Açoitados pela guerra ou pela miséria, os candidatos ao exílio recorrem a vias que se vão tornando cada vez mais perigosas devido às políticas de gestão da imigração irregular. Além de serem extremamente onerosas para as populações que suportam os seus custos, estas políticas criminalizam os migrantes e forçam-nos a lançarem-se em vias cada vez mais perigosas – como sejam as travessias marítimas em embarcações que são autênticas cascas de noz – e a recorrerem a uma máfia de passadores criminosa, cara e ineficaz. Os muros nunca resolveram os conflitos; apenas servem para beneficiar as firmas que os concebem, constroem e controlam.

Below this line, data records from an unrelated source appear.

(* Let $X$ be a locally compact Hausdorff space, $F:X\multimap X$ a discrete multivalued dynamical system, and $N$ an isolating block with respect to $F$. Let $U$ be an open neighborhood of $F(N)\cap F^{-1}(N)\cap N$ with $\operatorname{cl}U\subset\operatorname{int}N$. Put $P_1:=(F(N)\cap N)\cup\operatorname{cl}U$ and $P_2:=F(N)\cap\operatorname{bd}N$. Then $P=(P_1,P_2)$ is a weak index pair in $N$.
   Context: A multivalued map $F:X\multimap Y$ assigns to each $x\in X$ a subset $F(x)\subset Y$; $F(A)=\bigcup_{x\in A}F(x)$; $F^{-1}(B)=\{x: F(x)\cap B\neq\emptyset\}$. A discrete multivalued dynamical system (dmds) on $X$ is a usc map $F:X\times\mathbb{Z}\multimap X$ with compact values such that $F(x,0)=\{x\}$; $F(F(x,n),m)=F(x,n+m)$ whenever $nm\ge0$; and $y\in F(x,-1)\iff x\in F(y,1)$; it is identified with its generator $F=F(\cdot,1)$. A solution for $F$ through $x$ on an interval $I\ni 0$ of $\mathbb{Z}$ is $\sigma:I\to X$ with $\sigma(0)=x$, $\sigma(n+1)\in F(\sigma(n))$. For $N\subset X$, $\operatorname{Inv}N$ is the set of $x\in N$ admitting a solution $\sigma:\mathbb{Z}\to N$ through $x$. A compact $N$ is an isolating block if $N\cap F(N)\cap F^{-1}(N)\subset\operatorname{int}N$. The $F$-boundary of $A\subset X$ is $\operatorname{bd}_F A:=\operatorname{cl}A\cap\operatorname{cl}(F(A)\setminus A)$. A pair $P=(P_1,P_2)$ of compact sets $P_2\subset P_1\subset N$ is a weak index pair in $N$ if (a) $F(P_i)\cap N\subset P_i$ for $i=1,2$; (b) $\operatorname{bd}_F P_1\subset P_2$; (c) $\operatorname{Inv}N\subset\operatorname{int}(P_1\setminus P_2)$; (d) $P_1\setminus P_2\subset\operatorname{int}N$. *)

theory Defs
  imports "HOL-Analysis.Analysis"
begin

text \<open>Multivalued maps are modelled as set-valued functions. The ambient space X is the
  whole type 'a (a topological space).\<close>

definition mimage :: "('a \<Rightarrow> 'b set) \<Rightarrow> 'a set \<Rightarrow> 'b set" where
  "mimage F A = (\<Union>x\<in>A. F x)"

definition mpreimage :: "('a \<Rightarrow> 'b set) \<Rightarrow> 'b set \<Rightarrow> 'a set" where
  "mpreimage F B = {x. F x \<inter> B \<noteq> {}}"

definition usc_map :: "('a::topological_space \<Rightarrow> 'b::topological_space set) \<Rightarrow> bool" where
  "usc_map F \<longleftrightarrow> (\<forall>V. open V \<longrightarrow> open {x. F x \<subseteq> V})"

definition dmds :: "('a::topological_space \<Rightarrow> int \<Rightarrow> 'a set) \<Rightarrow> bool" where
  "dmds F \<longleftrightarrow>
     usc_map (\<lambda>p. F (fst p) (snd p)) \<and>
     (\<forall>x n. compact (F x n)) \<and>
     (\<forall>x. F x 0 = {x}) \<and>
     (\<forall>x n m. n * m \<ge> 0 \<longrightarrow> mimage (\<lambda>y. F y m) (F x n) = F x (n + m)) \<and>
     (\<forall>x y. y \<in> F x (-1) \<longleftrightarrow> x \<in> F y 1)"

definition gen :: "('a \<Rightarrow> int \<Rightarrow> 'a set) \<Rightarrow> 'a \<Rightarrow> 'a set" where
  "gen F = (\<lambda>x. F x 1)"

definition Inv :: "('a \<Rightarrow> 'a set) \<Rightarrow> 'a set \<Rightarrow> 'a set" where
  "Inv G N = {x \<in> N. \<exists>\<sigma>::int \<Rightarrow> 'a. \<sigma> 0 = x \<and> (\<forall>n. \<sigma> n \<in> N) \<and>
                          (\<forall>n. \<sigma> (n + 1) \<in> G (\<sigma> n))}"

definition isolating_block :: "('a::topological_space \<Rightarrow> 'a set) \<Rightarrow> 'a set \<Rightarrow> bool" where
  "isolating_block G N \<longleftrightarrow> compact N \<and>
     N \<inter> mimage G N \<inter> mpreimage G N \<subseteq> interior N"

definition F_boundary :: "('a::topological_space \<Rightarrow> 'a set) \<Rightarrow> 'a set \<Rightarrow> 'a set" where
  "F_boundary G A = closure A \<inter> closure (mimage G A - A)"

definition weak_index_pair ::
  "('a::topological_space \<Rightarrow> 'a set) \<Rightarrow> 'a set \<Rightarrow> 'a set \<Rightarrow> 'a set \<Rightarrow> bool" where
  "weak_index_pair G N P1 P2 \<longleftrightarrow>
     compact P1 \<and> compact P2 \<and> P2 \<subseteq> P1 \<and> P1 \<subseteq> N \<and>
     mimage G P1 \<inter> N \<subseteq> P1 \<and> mimage G P2 \<inter> N \<subseteq> P2 \<and>
     F_boundary G P1 \<subseteq> P2 \<and>
     Inv G N \<subseteq> interior (P1 - P2) \<and>
     P1 - P2 \<subseteq> interior N"

end

theory Submission
  imports Defs
begin

text \<open>Each of the four axioms follows from the isolating-block property, the compactness of
  \<open>F(N)\<close> and \<open>N\<close>, and two simple observations: a point of \<open>F(N) \<inter> bd N\<close> cannot be mapped back
  into \<open>N\<close>, since it would then lie in \<open>N \<inter> F(N) \<inter> F\<^sup>-\<^sup>1(N) \<subseteq> int N\<close>; and every point of
  \<open>Inv N\<close> lies in \<open>F(N) \<inter> F\<^sup>-\<^sup>1(N) \<inter> N \<subseteq> U\<close>, where \<open>U\<close> is an open subset of \<open>P\<^sub>1 - P\<^sub>2\<close>.\<close>

lemma mimage_mono: "A \<subseteq> B \<Longrightarrow> mimage G A \<subseteq> mimage G B"
  unfolding mimage_def by blast

lemma compact_mimage:
  assumes usc: "usc_map G" and compact_values: "\<And>x. compact (G x)" and K: "compact K"
  shows "compact (mimage G K)"
proof (rule compactI)
  fix C assume open_C: "\<forall>t\<in>C. open t" and cover: "mimage G K \<subseteq> \<Union>C"
  have "\<exists>D. D \<subseteq> C \<and> finite D \<and> G x \<subseteq> \<Union>D" if "x \<in> K" for x
  proof -
    have "G x \<subseteq> \<Union>C" using cover that unfolding mimage_def by auto
    then show ?thesis using compactE[OF compact_values[of x]] open_C by metis
  qed
  then obtain D where D: "\<And>x. x \<in> K \<Longrightarrow> D x \<subseteq> C \<and> finite (D x) \<and> G x \<subseteq> \<Union>(D x)"
    by metis
  define W where "W x = {y. G y \<subseteq> \<Union>(D x)}" for x
  have "open (W x)" if "x \<in> K" for x
  proof -
    have "open (\<Union>(D x))" using D[OF that] open_C by blast
    then show ?thesis using usc unfolding W_def usc_map_def by blast
  qed
  moreover have "K \<subseteq> (\<Union>x\<in>K. W x)" using D unfolding W_def by auto
  ultimately obtain T where T: "T \<subseteq> K" "finite T" "K \<subseteq> (\<Union>x\<in>T. W x)"
    using compactE_image[OF K] by metis
  show "\<exists>C'. C' \<subseteq> C \<and> finite C' \<and> mimage G K \<subseteq> \<Union>C'"
  proof (intro exI conjI)
    show "\<Union>(D ` T) \<subseteq> C" using T D by blast
    show "finite (\<Union>(D ` T))" using T D by (meson finite_UN_I subsetD)
    show "mimage G K \<subseteq> \<Union>(\<Union>(D ` T))" using T(3) unfolding mimage_def W_def by blast
  qed
qed

lemma dmds_usc_map_gen:
  assumes "dmds F"
  shows "usc_map (gen F)"
  unfolding usc_map_def
proof (intro allI impI)
  fix V :: "'a set" assume "open V"
  have "usc_map (\<lambda>p. F (fst p) (snd p))"
    using assms unfolding dmds_def by (rule conjunct1)
  then have "open {p. F (fst p) (snd p) \<subseteq> V}"
    using \<open>open V\<close> unfolding usc_map_def by blast
  then have "open ((\<lambda>x. (x, 1::int)) -` {p. F (fst p) (snd p) \<subseteq> V})"
    by (rule open_vimage) (intro continuous_intros)
  moreover have "{x. gen F x \<subseteq> V} = (\<lambda>x. (x, 1::int)) -` {p. F (fst p) (snd p) \<subseteq> V}"
    unfolding gen_def by simp
  ultimately show "open {x. gen F x \<subseteq> V}" by simp
qed

lemma dmds_compact_gen:
  assumes "dmds F"
  shows "compact (gen F x)"
proof -
  have "\<forall>x n. compact (F x n)"
    using assms unfolding dmds_def by (rule conjunct1[OF conjunct2])
  then show ?thesis unfolding gen_def by blast
qed

lemma Inv_subset_mimage_mpreimage: "Inv G N \<subseteq> mimage G N \<inter> mpreimage G N \<inter> N"
proof
  fix x assume "x \<in> Inv G N"
  then obtain \<sigma> :: "int \<Rightarrow> 'a" where
    \<sigma>: "\<sigma> 0 = x" "\<And>n. \<sigma> n \<in> N" "\<And>n. \<sigma> (n + 1) \<in> G (\<sigma> n)" and "x \<in> N"
    unfolding Inv_def by blast
  have "x \<in> G (\<sigma> (-1))" using \<sigma>(1) \<sigma>(3)[of "-1"] by simp
  then have "x \<in> mimage G N" using \<sigma>(2) unfolding mimage_def by blast
  moreover have "\<sigma> 1 \<in> G x \<inter> N" using \<sigma>(1,2) \<sigma>(3)[of 0] by simp
  then have "x \<in> mpreimage G N" unfolding mpreimage_def by blast
  ultimately show "x \<in> mimage G N \<inter> mpreimage G N \<inter> N" using \<open>x \<in> N\<close> by blast
qed

lemma isolating_block_frontier_exits:
  fixes G :: "'a::t2_space \<Rightarrow> 'a set"
  assumes "isolating_block G N"
  shows "mimage G (mimage G N \<inter> frontier N) \<inter> N = {}"
proof (rule ccontr)
  assume "mimage G (mimage G N \<inter> frontier N) \<inter> N \<noteq> {}"
  then obtain x y where x: "x \<in> mimage G N" "x \<in> frontier N" and "y \<in> G x" "y \<in> N"
    unfolding mimage_def by blast
  then have "x \<in> mpreimage G N" unfolding mpreimage_def by blast
  moreover have "x \<in> N"
    using assms x(2) compact_imp_closed frontier_subset_closed
    unfolding isolating_block_def by blast
  ultimately have "x \<in> interior N"
    using assms x(1) unfolding isolating_block_def by blast
  with x(2) show False by (simp add: frontier_def)
qed

lemma F_boundary_subset:
  assumes "closed A" "closed B" "mimage G A - A \<subseteq> B - N"
  shows "F_boundary G A \<subseteq> A \<inter> B - interior N"
proof -
  have "mimage G A - A \<subseteq> B" "mimage G A - A \<subseteq> - N"
    using assms(3) by auto
  then have "closure (mimage G A - A) \<subseteq> closure B" "closure (mimage G A - A) \<subseteq> closure (- N)"
    by (simp_all add: closure_mono)
  then show ?thesis
    using assms(1,2) unfolding F_boundary_def closure_complement by auto
qed

lemma isolating_block_weak_index_pair:
  fixes G :: "'a::t2_space \<Rightarrow> 'a set"
  assumes block: "isolating_block G N" and "compact (mimage G N)"
    and "open U" and "mimage G N \<inter> mpreimage G N \<inter> N \<subseteq> U" and "closure U \<subseteq> interior N"
  shows "weak_index_pair G N ((mimage G N \<inter> N) \<union> closure U) (mimage G N \<inter> frontier N)"
proof -
  define P1 where "P1 = (mimage G N \<inter> N) \<union> closure U"
  define P2 where "P2 = mimage G N \<inter> frontier N"
  have "compact N" using block unfolding isolating_block_def by blast
  then have "closed N" by (rule compact_imp_closed)
  then have frontier_N: "frontier N = N - interior N" by (simp add: frontier_def)
  have "closure U \<subseteq> N" using assms(5) interior_subset by blast
  then have "compact (closure U)"
    by (metis \<open>compact N\<close> closed_closure compact_Int_closed inf.absorb2)
  have "compact P1" unfolding P1_def
    using \<open>compact (mimage G N)\<close> \<open>closed N\<close> \<open>compact (closure U)\<close> by blast
  have "compact P2" unfolding P2_def
    using \<open>compact (mimage G N)\<close> by (simp add: compact_Int_closed)
  have "P1 \<subseteq> N" "P2 \<subseteq> P1"
    using \<open>closure U \<subseteq> N\<close> unfolding P1_def P2_def frontier_N by blast+
  have "mimage G P1 \<subseteq> mimage G N" using \<open>P1 \<subseteq> N\<close> by (rule mimage_mono)
  then have "mimage G P1 \<inter> N \<subseteq> P1" and "mimage G P1 - P1 \<subseteq> mimage G N - N"
    unfolding P1_def by blast+
  then have "F_boundary G P1 \<subseteq> P2"
    using F_boundary_subset[of P1 "mimage G N" G N] \<open>compact P1\<close> \<open>compact (mimage G N)\<close>
      \<open>P1 \<subseteq> N\<close>
    unfolding P2_def frontier_N by (auto dest: compact_imp_closed)
  have "mimage G P2 \<inter> N \<subseteq> P2"
    using isolating_block_frontier_exits[OF block] unfolding P2_def by blast
  have "U \<subseteq> P1 - P2"
    using assms(5) closure_subset[of U] unfolding P1_def P2_def frontier_N by blast
  then have "Inv G N \<subseteq> interior (P1 - P2)"
    using Inv_subset_mimage_mpreimage[of G N] assms(4) interior_maximal[OF _ assms(3)] by blast
  have "P1 - P2 \<subseteq> interior N"
    using assms(5) unfolding P1_def P2_def frontier_N by blast
  show ?thesis
    unfolding weak_index_pair_def P1_def[symmetric] P2_def[symmetric]
    by (intro conjI) fact+
qed

theorem theorem4:
  fixes F :: "'a::t2_space \<Rightarrow> int \<Rightarrow> 'a set"
    and N U :: "'a set"
  assumes "locally_compact_space (euclidean :: 'a topology)"
    and "dmds F"
    and "isolating_block (gen F) N"
    and "open U"
    and "mimage (gen F) N \<inter> mpreimage (gen F) N \<inter> N \<subseteq> U"
    and "closure U \<subseteq> interior N"
  shows "weak_index_pair (gen F) N
           ((mimage (gen F) N \<inter> N) \<union> closure U)
           (mimage (gen F) N \<inter> frontier N)"
proof -
  have "compact N" using assms(3) unfolding isolating_block_def by blast
  then have "compact (mimage (gen F) N)"
    using compact_mimage dmds_usc_map_gen[OF assms(2)] dmds_compact_gen[OF assms(2)] by blast
  then show ?thesis
    using isolating_block_weak_index_pair assms(3-6) by blast
qed

end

Longe de adoptar uma política de acolhimento aos refugiados conforme ao direito internacional, como estipula a Convenção de Genebra, os estados adoptam políticas de segurança que espezinham o direito fundamental da liberdade de circulação, inscrito no artigo 13º da Declaração Universal dos Direitos Humanos  [1]. Enquanto os tratados de livre comércio não cessam de apregoar a livre circulação de mercadorias e capitais, os candidatos ao exílio têm de enfrentar «autoridades de segurança» fortemente armadas e equipadas por grandes industriais que infringem o direito de circulação dos desfavorecidos. O fundo do Mediterrâneo foi transformado numa verdadeira vala comum  [2], as fronteiras fecham-se e os muros levantam-se um pouco por toda a parte. Depois de passarem a fronteira, quando não são deportados para os seus países de origem, os migrantes são amontoados em campos desumanos ou encerrados em centros de detenção  [3] especializados, dos quais havia 260 dentro da UE em 2015  [4]. Apenas uma pequena porção deles, após um fastidioso percurso burocrático, consegue obter o direito de asilo, sempre distribuído com parcimónia.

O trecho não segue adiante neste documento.